A adoção massiva e não regulamentada de ferramentas de inteligência artificial no ambiente corporativo expõe as organizações a graves brechas de segurança e vazamentos de informações confidenciais.

Este fenômeno, conhecido tecnicamente como Shadow AI, exige a implementação de políticas rigorosas de governança e o treinamento dos colaboradores no uso ético e seguro dessas tecnologias.

O que é Shadow AI e quais são os seus riscos de conformidade?

O termo Shadow AI define o conjunto de aplicações, modelos de linguagem e sistemas de inteligência artificial que os funcionários utilizam nos seus fluxos de trabalho diários sem a autorização explícita ou a visibilidade do departamento de TI. Os principais riscos normativos decorrentes desta prática são:

  • Regulamento Geral sobre a Proteção de Dados: a inserção de informações confidenciais de clientes ou colaboradores em inteligências artificiais públicas viola diretamente as cláusulas de segurança do RGPD.
  • Lei Geral de Proteção de Dados Pessoais: legislações regionais penalizam a falta de diligência devida no processamento de informações sensíveis de identidade por meio de plataformas automatizadas de terceiros.
  • Regulamentações locais de IA: normas emergentes impõem controles rigorosos sobre a propriedade dos dados e exigem o cumprimento de padrões semelhantes ao Regulamento de Inteligência Artificial da UE.

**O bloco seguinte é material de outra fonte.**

section \<open>Computing with diagrams given by finite tables\<close>

text \<open>A diagram on m strands is stored as the list of its values that differ from the identity
  diagram; the relations then become finite computations, uniformly in n.\<close>

definition tab_diag :: "nat \<Rightarrow> (dot \<times> dot) list \<Rightarrow> diagram" where
  "tab_diag m L = (\<lambda>x. if x \<in> dots m then (case map_of L x of Some y \<Rightarrow> y | None \<Rightarrow> id_diag m x) else x)"

definition cap_tab :: "nat \<Rightarrow> nat \<Rightarrow> (dot \<times> dot) list \<Rightarrow> (dot \<times> dot) list" where
  "cap_tab m j L = (let a = tab_diag m L (j, True); b = tab_diag m L (Suc j, True) in
     [((j, True), (Suc j, True)), ((Suc j, True), (j, True))] @
     (if a = (Suc j, True) then [] else [(a, b), (b, a)]) @ L)"

definition perm_tab :: "nat \<Rightarrow> (nat \<Rightarrow> nat) \<Rightarrow> nat list \<Rightarrow> (dot \<times> dot) list \<Rightarrow> (dot \<times> dot) list" where
  "perm_tab m \<sigma> S L = map (\<lambda>x. (x, top_perm \<sigma> (tab_diag m L (top_perm \<sigma> x))))
     (map fst L @ List.concat (map (\<lambda>k. [(k, True), (k, False)]) S))"

lemma tab_diag_Nil: "tab_diag m [] = id_diag m"
  by (simp add: tab_diag_def id_diag_def fun_eq_iff)

lemma tab_diag_apply:
  "tab_diag m L (k, e) = (if 1 \<le> k \<and> k \<le> m then (case map_of L (k, e) of Some y \<Rightarrow> y | None \<Rightarrow> (k, \<not> e)) else (k, e))"
  by (simp add: tab_diag_def id_diag_def split: option.split)

lemma tab_diag_eqI:
  assumes "\<forall>x\<in>set (map fst L1 @ map fst L2). x \<in> dots m \<longrightarrow> tab_diag m L1 x = tab_diag m L2 x"
  shows "tab_diag m L1 = tab_diag m L2"
proof
  fix x
  show "tab_diag m L1 x = tab_diag m L2 x"
  proof (cases "x \<in> set (map fst L1 @ map fst L2) \<and> x \<in> dots m")
    case False
    then have "x \<notin> dots m \<or> (map_of L1 x = None \<and> map_of L2 x = None)"
      by (auto simp: map_of_eq_None_iff)
    then show ?thesis by (auto simp: tab_diag_def)
  qed (use assms in blast)
qed

lemma cap_top_tab_diag: "cap_top m j (tab_diag m L) = tab_diag m (cap_tab m j L)"
  by (auto simp: fun_eq_iff cap_top_def tab_diag_def cap_tab_def Let_def split: option.split)

lemma map_of_map_graph: "map_of (map (\<lambda>x. (x, f x)) K) x = (if x \<in> set K then Some (f x) else None)"
  by (induction K) auto

lemma permute_top_tab_diag:
  assumes "\<And>k. k \<notin> set S \<Longrightarrow> \<sigma> k = k"
  shows "permute_top m \<sigma> (tab_diag m L) = tab_diag m (perm_tab m \<sigma> S L)"
proof
  fix x :: dot
  let ?K = "map fst L @ List.concat (map (\<lambda>k. [(k, True), (k, False)]) S)"
  show "permute_top m \<sigma> (tab_diag m L) x = tab_diag m (perm_tab m \<sigma> S L) x"
  proof (cases "x \<in> dots m \<and> x \<in> set ?K")
    case True
    then show ?thesis
      by (simp add: permute_top_def perm_tab_def map_of_map_graph tab_diag_def
          del: map_append set_append set_concat set_map)
  next
    case False
    moreover obtain k e where x: "x = (k, e)" by (cases x)
    ultimately have "x \<notin> dots m \<or> (k \<notin> set S \<and> map_of L x = None)"
      by (auto simp: map_of_eq_None_iff)
    then show ?thesis
      using False assms x
      by (cases e) (auto simp: permute_top_def perm_tab_def map_of_map_graph tab_diag_def top_perm_def
          id_diag_def simp del: map_append set_append set_concat set_map)
  qed
qed

definition gen_support :: "nat \<Rightarrow> nat \<Rightarrow> nat list" where
  "gen_support n i = (if i = 0 then [n, Suc n] else [n - i, Suc (n - i), n + i, Suc (n + i)])"

text \<open>The equation m = 2 * n is kept as a premise so that the simplifier can match it after
  normalising the arithmetic in m.\<close>

lemma gen_act_tab_diag:
  "m = 2 * n \<Longrightarrow> gen_act n (gr i) (tab_diag m L) = tab_diag m (perm_tab m (gen_perm n i) (gen_support n i) L)"
  "m = 2 * n \<Longrightarrow> gen_act n (ge i) (tab_diag m L) = (if i = 0 then tab_diag m (cap_tab m n L)
     else tab_diag m (cap_tab m (n - i) (cap_tab m (n + i) L)))"
  by (auto intro!: permute_top_tab_diag simp: cap_top_tab_diag gen_support_def gen_perm_def swap_adj_def)

lemma swap_adj_Suc: "swap_adj j k = (if k = j then Suc j else if k = Suc j then j else k)"
  by (simp add: swap_adj_def)

lemma top_perm_simps: "top_perm \<sigma> (k, True) = (\<sigma> k, True)" "top_perm \<sigma> (k, False) = (k, False)"
  by (simp_all add: top_perm_def)

lemmas word_diag_tab_simps = gen_act_tab_diag tab_diag_Nil[symmetric]

lemmas tab_eval_simps = cap_tab_def perm_tab_def Let_def tab_diag_apply gen_perm_def swap_adj_Suc
  gen_support_def top_perm_simps

section \<open>The defining relations\<close>

text \<open>Writing n and the indices as explicit successors lets the simplifier decide every
  comparison between strand positions that arises in the computations.\<close>

lemma diagram_relations_at_first_node:
  assumes "n = Suc (Suc q)"
  shows "diagram_relation n [gr 0, gr 0] 0 []"
    "diagram_relation n [gr 0, ge 0] 0 [ge 0]"
    "diagram_relation n [ge 0, gr 0] 0 [ge 0]"
    "diagram_relation n [ge 0, ge 0] 1 [ge 0]"
    "diagram_relation n [gr 1, gr 0, gr 1, gr 0] 0 [gr 0, gr 1, gr 0, gr 1]"
    "diagram_relation n [gr 1, gr 0, ge 1] 0 [gr 0, ge 1]"
    "diagram_relation n [gr 1, ge 0, gr 1, ge 0] 0 [ge 0, ge 1, ge 0]"
    "diagram_relation n [gr 1, gr 0, gr 1, ge 0] 0 [ge 0, gr 1, gr 0, gr 1]"
    "diagram_relation n [ge 1, gr 0, ge 1] 1 [ge 1]"
    "diagram_relation n [ge 1, ge 0, ge 1] 1 [ge 1]"
    "diagram_relation n [ge 1, gr 0, gr 1] 0 [ge 1, gr 0]"
    "diagram_relation n [ge 1, ge 0, gr 1] 0 [ge 1, ge 0]"
  by ((simp only: assms diagram_relation_def, intro conjI);
      (simp del: gen_act.simps add: word_diag_tab_simps); (rule tab_diag_eqI)?;
      simp add: tab_eval_simps cap_top_tab_diag)+

lemma diagram_relations_at_node:
  assumes "n = Suc p + Suc i0" "i = Suc i0"
  shows "diagram_relation n [gr i, gr i] 0 []"
    "diagram_relation n [gr i, ge i] 0 [ge i]"
    "diagram_relation n [ge i, gr i] 0 [ge i]"
    "diagram_relation n [ge i, ge i] 2 [ge i]"
  by ((simp only: assms diagram_relation_def, intro conjI);
      (simp del: gen_act.simps add: word_diag_tab_simps); (rule tab_diag_eqI)?;
      simp add: tab_eval_simps cap_top_tab_diag)+

lemma diagram_relations_far_from_first_node:
  assumes "n = Suc p + Suc (Suc j0)" "j = Suc (Suc j0)"
  shows "diagram_relation n [gr 0, gr j] 0 [gr j, gr 0]"
    "diagram_relation n [ge 0, gr j] 0 [gr j, ge 0]"
    "diagram_relation n [ge 0, ge j] 0 [ge j, ge 0]"
    "diagram_relation n [gr j, gr 0] 0 [gr 0, gr j]"
    "diagram_relation n [ge j, gr 0] 0 [gr 0, ge j]"
    "diagram_relation n [ge j, ge 0] 0 [ge 0, ge j]"
  by ((simp only: assms diagram_relation_def, intro conjI);
      (simp del: gen_act.simps add: word_diag_tab_simps); (rule tab_diag_eqI)?;
      simp add: tab_eval_simps cap_top_tab_diag)+

lemma diagram_relations_far_nodes:
  assumes "n = Suc p + (Suc i0 + Suc (Suc d))" "i = Suc i0" "j = Suc i0 + Suc (Suc d)"
  shows "diagram_relation n [gr i, gr j] 0 [gr j, gr i]"
    "diagram_relation n [ge i, gr j] 0 [gr j, ge i]"
    "diagram_relation n [ge i, ge j] 0 [ge j, ge i]"
    "diagram_relation n [gr j, gr i] 0 [gr i, gr j]"
    "diagram_relation n [ge j, gr i] 0 [gr i, ge j]"
    "diagram_relation n [ge j, ge i] 0 [ge i, ge j]"
  by ((simp only: assms diagram_relation_def, intro conjI);
      (simp del: gen_act.simps add: word_diag_tab_simps); (rule tab_diag_eqI)?;
      simp add: tab_eval_simps cap_top_tab_diag)+

lemma diagram_relations_adjacent_nodes:
  assumes "n = Suc p + Suc (Suc i0)" "i = Suc i0" "j = Suc (Suc i0)"
  shows "diagram_relation n [gr i, gr j, gr i] 0 [gr j, gr i, gr j]"
    "diagram_relation n [gr j, gr i, ge j] 0 [ge i, ge j]"
    "diagram_relation n [gr i, ge j, gr i] 0 [gr j, ge i, gr j]"
    "diagram_relation n [gr j, gr i, gr j] 0 [gr i, gr j, gr i]"
    "diagram_relation n [gr i, gr j, ge i] 0 [ge j, ge i]"
    "diagram_relation n [gr j, ge i, gr j] 0 [gr i, ge j, gr i]"
  by ((simp only: assms diagram_relation_def, intro conjI);
      (simp del: gen_act.simps add: word_diag_tab_simps); (rule tab_diag_eqI)?;
      simp add: tab_eval_simps cap_top_tab_diag)+

lemma diagram_relations_single:
  assumes "2 \<le> n" "i < n"
  shows "diagram_relation n [gr i, gr i] 0 [] \<and> diagram_relation n [gr i, ge i] 0 [ge i]
    \<and> diagram_relation n [ge i, gr i] 0 [ge i] \<and> (0 < i \<longrightarrow> diagram_relation n [ge i, ge i] 2 [ge i])"
proof (cases "i = 0")
  case True
  have "n = Suc (Suc (n - 2))" using assms by simp
  from diagram_relations_at_first_node[OF this] True show ?thesis by simp
next
  case False
  then have "n = Suc (n - i - 1) + Suc (i - 1)" "i = Suc (i - 1)" using assms by auto
  from diagram_relations_at_node[OF this] show ?thesis by simp
qed

lemma diagram_relations_commuting:
  assumes "i < n" "j < n" "nadj i j"
  shows "diagram_relation n [gr i, gr j] 0 [gr j, gr i]" "diagram_relation n [ge i, gr j] 0 [gr j, ge i]"
    "diagram_relation n [ge i, ge j] 0 [ge j, ge i]"
proof -
  consider "i = 0" | "j = 0" | "0 < i" "i < j" | "0 < j" "j < i"
    using assms(3) by (fastforce simp: nadj_def)
  then have "diagram_relation n [gr i, gr j] 0 [gr j, gr i] \<and> diagram_relation n [ge i, gr j] 0 [gr j, ge i]
    \<and> diagram_relation n [ge i, ge j] 0 [ge j, ge i]"
  proof cases
    case 1
    then have "n = Suc (n - j - 1) + Suc (Suc (j - 2))" "j = Suc (Suc (j - 2))"
      using assms by (auto simp: nadj_def)
    from diagram_relations_far_from_first_node[OF this] 1 show ?thesis by simp
  next
    case 2
    then have "n = Suc (n - i - 1) + Suc (Suc (i - 2))" "i = Suc (Suc (i - 2))"
      using assms by (auto simp: nadj_def)
    from diagram_relations_far_from_first_node[OF this] 2 show ?thesis by simp
  next
    case 3
    then have "n = Suc (n - j - 1) + (Suc (i - 1) + Suc (Suc (j - i - 2)))" "i = Suc (i - 1)"
      "j = Suc (i - 1) + Suc (Suc (j - i - 2))"
      using assms by (auto simp: nadj_def)
    from diagram_relations_far_nodes[OF this] show ?thesis by simp
  next
    case 4
    then have "n = Suc (n - i - 1) + (Suc (j - 1) + Suc (Suc (i - j - 2)))" "j = Suc (j - 1)"
      "i = Suc (j - 1) + Suc (Suc (i - j - 2))"
      using assms by (auto simp: nadj_def)
    from diagram_relations_far_nodes[OF this] show ?thesis by simp
  qed
  then show "diagram_relation n [gr i, gr j] 0 [gr j, gr i]" "diagram_relation n [ge i, gr j] 0 [gr j, ge i]"
    "diagram_relation n [ge i, ge j] 0 [ge j, ge i]" by simp_all
qed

Pilares técnicos para estruturar a governança da inteligência artificial

A proibição absoluta destas ferramentas é ineficaz na prática e prejudica a produtividade das equipes. Para gerir estes recursos de forma segura, é necessária a construção de um quadro metodológico estruturado:

  • Estabelecimento de políticas de uso: delimitação detalhada das ferramentas autorizadas e dos tipos de dados permitidos na interação com plataformas de IA.
  • Deteção proativa de recursos: implementação de sistemas orientados a mitigar shadow IT para identificar o uso não regulamentado de aplicações e extensões web na rede corporativa.
  • Higiene cibernética contínua: implementação de formações recorrentes para evitar a obsolescência dos conhecimentos da equipa face ao avanço tecnológico.

Como otimizar a consciencialização técnica face ao uso de inteligência artificial?

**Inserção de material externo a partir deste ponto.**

lemma semigroup_ring_cring: "cring (R :: 'k::field pm ring)"
proof (rule cringI)
  show "abelian_group (R :: 'k pm ring)"
  proof (rule abelian_groupI)
    fix x y :: "'k pm"
    assume "x \<in> carrier R" and "y \<in> carrier R"
    then show "x \<oplus>\<^bsub>R\<^esub> y \<in> carrier R" and "\<exists>y\<in>carrier R. y \<oplus>\<^bsub>R\<^esub> x = \<zero>\<^bsub>R\<^esub>"
      by (auto simp: closed_add intro: bexI[of _ "- x"])
  qed (simp_all add: add_ac)
  show "comm_monoid (R :: 'k pm ring)"
    by (rule comm_monoidI) (simp_all add: closed_mult zero_mem mult_ac)
qed (simp_all add: distrib_right)

lemma a_inv_eq: "x \<in> carrier (R :: 'k::field pm ring) \<Longrightarrow> \<ominus>\<^bsub>R\<^esub> x = - x"
proof -
  interpret cring "R :: 'k pm ring" by (rule semigroup_ring_cring)
  assume "x \<in> carrier R"
  then show ?thesis by (intro minus_equality) auto
qed

lemma semigroup_ring_idealI:
  assumes "I \<subseteq> carrier (R :: 'k::field pm ring)" "0 \<in> I"
    and "\<And>a b. a \<in> I \<Longrightarrow> b \<in> I \<Longrightarrow> a + b \<in> I"
    and "\<And>a. a \<in> I \<Longrightarrow> - a \<in> I"
    and "\<And>a x. a \<in> I \<Longrightarrow> x \<in> carrier R \<Longrightarrow> x * a \<in> I"
  shows "ideal I R"
proof -
  interpret cring "R :: 'k pm ring" by (rule semigroup_ring_cring)
  show ?thesis
  proof (rule idealI)
    show "subgroup I (add_monoid R)"
    proof
      fix x assume "x \<in> I"
      then show "inv\<^bsub>add_monoid R\<^esub> x \<in> I"
        using a_inv_eq[of x] assms(1,4) unfolding a_inv_def by auto
    qed (use assms in auto)
  qed (use assms in \<open>auto simp: mult.commute ring_axioms\<close>)
qed

lemma primeideal_props:
  assumes "primeideal P (R :: 'k::field pm ring)"
  shows "P \<subseteq> carrier R" and "0 \<in> P"
    and "\<And>a b. a \<in> P \<Longrightarrow> b \<in> P \<Longrightarrow> a + b \<in> P" and "\<And>a. a \<in> P \<Longrightarrow> - a \<in> P"
    and "\<And>a x. a \<in> P \<Longrightarrow> x \<in> carrier R \<Longrightarrow> x * a \<in> P"
    and "\<And>a b. a \<in> carrier R \<Longrightarrow> b \<in> carrier R \<Longrightarrow> a * b \<in> P \<Longrightarrow> a \<in> P \<or> b \<in> P"
    and "1 \<notin> P"
proof -
  interpret primeideal P "R :: 'k pm ring" by (rule assms)
  show "P \<subseteq> carrier R" by (rule a_subset)
  show "0 \<in> P" "\<And>a b. a \<in> P \<Longrightarrow> b \<in> P \<Longrightarrow> a + b \<in> P"
    using additive_subgroup.zero_closed[OF is_additive_subgroup]
      additive_subgroup.a_closed[OF is_additive_subgroup] by simp_all
  show "\<And>a. a \<in> P \<Longrightarrow> - a \<in> P"
    using additive_subgroup.a_inv_closed[OF is_additive_subgroup] a_inv_eq a_subset by fastforce
  show "\<And>a x. a \<in> P \<Longrightarrow> x \<in> carrier R \<Longrightarrow> x * a \<in> P"
    using I_l_closed by simp
  show "\<And>a b. a \<in> carrier R \<Longrightarrow> b \<in> carrier R \<Longrightarrow> a * b \<in> P \<Longrightarrow> a \<in> P \<or> b \<in> P"
    using I_prime by simp
  show "1 \<notin> P"
    using one_imp_carrier I_notcarr by auto
qed

lemma power_notin_primeideal:
  assumes "primeideal P (R :: 'k::field pm ring)" "y \<in> carrier R" "y \<notin> P"
  shows "y ^ m \<notin> P"
proof (induction m)
  case (Suc m)
  have "y ^ m \<in> carrier R" using assms(2) closed_power by simp
  then show ?case using primeideal_props(6)[OF assms(1,2)] Suc assms(3) by auto
qed (use primeideal_props(7)[OF assms(1)] in simp)

end

section \<open>Algebraic relations and chains of prime ideals\<close>

interpretation poly_vs: vector_space "\<lambda>(c::'k::field) (p::'k pm). const c * p"
  by unfold_locales (simp_all add: distrib_left distrib_right single_add mult_single mult.assoc)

A adoção de metodologias ágeis de formação permite que as equipas de TI transformem um foco de vulnerabilidade numa vantagem estratégica. Os programas concebidos sob dinâmicas de aprendizagem breve e contínua garantem que os colaboradores compreendam as implicações técnicas de inserir informações de propriedade intelectual em servidores públicos.

Esta abordagem permite à organização desenvolver uma robusta cultura de cibersegurança, onde cada utilizador final atua de forma responsável e alinhada com os requisitos legais, protegendo os ativos de informação sem travar o fluxo de inovação do negócio.

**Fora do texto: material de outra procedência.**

lemma hardy_inequality_interval:
  fixes d p :: real
  assumes "p < d" "1 \<le> p"
  obtains K where "0 < K"
    and "\<And>R h u. 1 \<le> R \<Longrightarrow> continuous_on {1..R} h \<Longrightarrow> (\<And>r. r \<in> {1..R} \<Longrightarrow> 0 \<le> h r) \<Longrightarrow>
           continuous_on {1..R} u \<Longrightarrow> (\<And>r. r \<in> {1..R} \<Longrightarrow> \<bar>u r\<bar> \<le> integral {r..R} h) \<Longrightarrow>
           integral {1..R} (\<lambda>r. \<bar>u r\<bar> powr p * r powr (d - p - 1))
             \<le> K * integral {1..R} (\<lambda>r. h r powr p * r powr (d - 1))"
proof -
  obtain C where "0 < C" and young: "\<And>X Y. 0 \<le> X \<Longrightarrow> 0 \<le> Y \<Longrightarrow>
      X powr (p - 1) * Y \<le> (d - p) / (2 * p) * X powr p + C * Y powr p"
    using Youngs_inequality_epsilon[OF \<open>1 \<le> p\<close>, of "(d - p) / (2 * p)"] assms by auto
  show ?thesis
  proof (rule that[of "2 * p * C / (d - p)"])
    show "0 < 2 * p * C / (d - p)" using assms \<open>0 < C\<close> by simp
    fix R :: real and h u :: "real \<Rightarrow> real"
    assume R: "1 \<le> R" and h: "continuous_on {1..R} h" "\<And>r. r \<in> {1..R} \<Longrightarrow> 0 \<le> h r"
      and u: "continuous_on {1..R} u" "\<And>r. r \<in> {1..R} \<Longrightarrow> \<bar>u r\<bar> \<le> integral {r..R} h"
    have H: "continuous_on {1..R} (\<lambda>r. integral {r..R} h)"
      by (rule DERIV_continuous_on[OF integral_has_real_derivative'[OF h(1)]])
    let ?J = "integral {1..R} (\<lambda>r. h r powr p * r powr (d - 1))"
    show "integral {1..R} (\<lambda>r. \<bar>u r\<bar> powr p * r powr (d - p - 1)) \<le> 2 * p * C / (d - p) * ?J"
    proof (rule field_le_mult_epsilon)
      show "0 \<le> 2 * R powr (d - p) / (d - p)" using assms by simp
      fix \<epsilon> :: real assume "0 < \<epsilon>" "\<epsilon> \<le> 1"
      have "integral {1..R} (\<lambda>r. \<bar>u r\<bar> powr p * r powr (d - p - 1))
              \<le> integral {1..R} (\<lambda>r. (integral {r..R} h + \<epsilon>) powr p * r powr (d - p - 1))"
      proof (rule integral_le)
        show "(\<lambda>r. \<bar>u r\<bar> powr p * r powr (d - p - 1)) integrable_on {1..R}"
          using \<open>1 \<le> p\<close>
          by (intro integrable_continuous_interval continuous_intros continuous_on_powr' u(1)) auto
        show "(\<lambda>r. (integral {r..R} h + \<epsilon>) powr p * r powr (d - p - 1)) integrable_on {1..R}"
          using u(2) \<open>0 < \<epsilon>\<close>
          by (intro integrable_continuous_interval continuous_intros H) (force dest: abs_le_D2)+
      next
        fix r assume r: "r \<in> {1..R}"
        have "\<bar>u r\<bar> \<le> integral {r..R} h + \<epsilon>" using u(2)[OF r] \<open>0 < \<epsilon>\<close> by linarith
        then show "\<bar>u r\<bar> powr p * r powr (d - p - 1) \<le> (integral {r..R} h + \<epsilon>) powr p * r powr (d - p - 1)"
          using \<open>1 \<le> p\<close> by (intro mult_right_mono powr_mono2) auto
      qed
      also have "\<dots> \<le> 2 * \<epsilon> powr p * R powr (d - p) / (d - p) + 2 * p * C / (d - p) * ?J"
        using hardy_inequality_interval_regularized[OF assms R \<open>0 < \<epsilon>\<close> h young] .
      also have "\<epsilon> powr p \<le> \<epsilon>"
        using powr_mono'[of 1 p \<epsilon>] \<open>0 < \<epsilon>\<close> \<open>\<epsilon> \<le> 1\<close> \<open>1 \<le> p\<close> by simp
      then have "2 * \<epsilon> powr p * R powr (d - p) / (d - p) \<le> \<epsilon> * (2 * R powr (d - p) / (d - p))"
        using assms by (simp add: divide_right_mono mult_right_mono)
      finally show "integral {1..R} (\<lambda>r. \<bar>u r\<bar> powr p * r powr (d - p - 1))
                      \<le> 2 * p * C / (d - p) * ?J + \<epsilon> * (2 * R powr (d - p) / (d - p))"
        by linarith
    qed
  qed
qed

Planeamento e otimização do controlo de ativos de informação

A integração da inteligência artificial nos fluxos de negócio exige um diagnóstico profundo da superfície de ataque lógica e o uso de consolas de descoberta de ferramentas SaaS. Como parceiro consultor especializado em infraestrutura, o design estratégico das arquiteturas de TI e o acompanhamento constante permitem implementar um programa de formação em cibersegurança adaptado às exigências normativas vigentes.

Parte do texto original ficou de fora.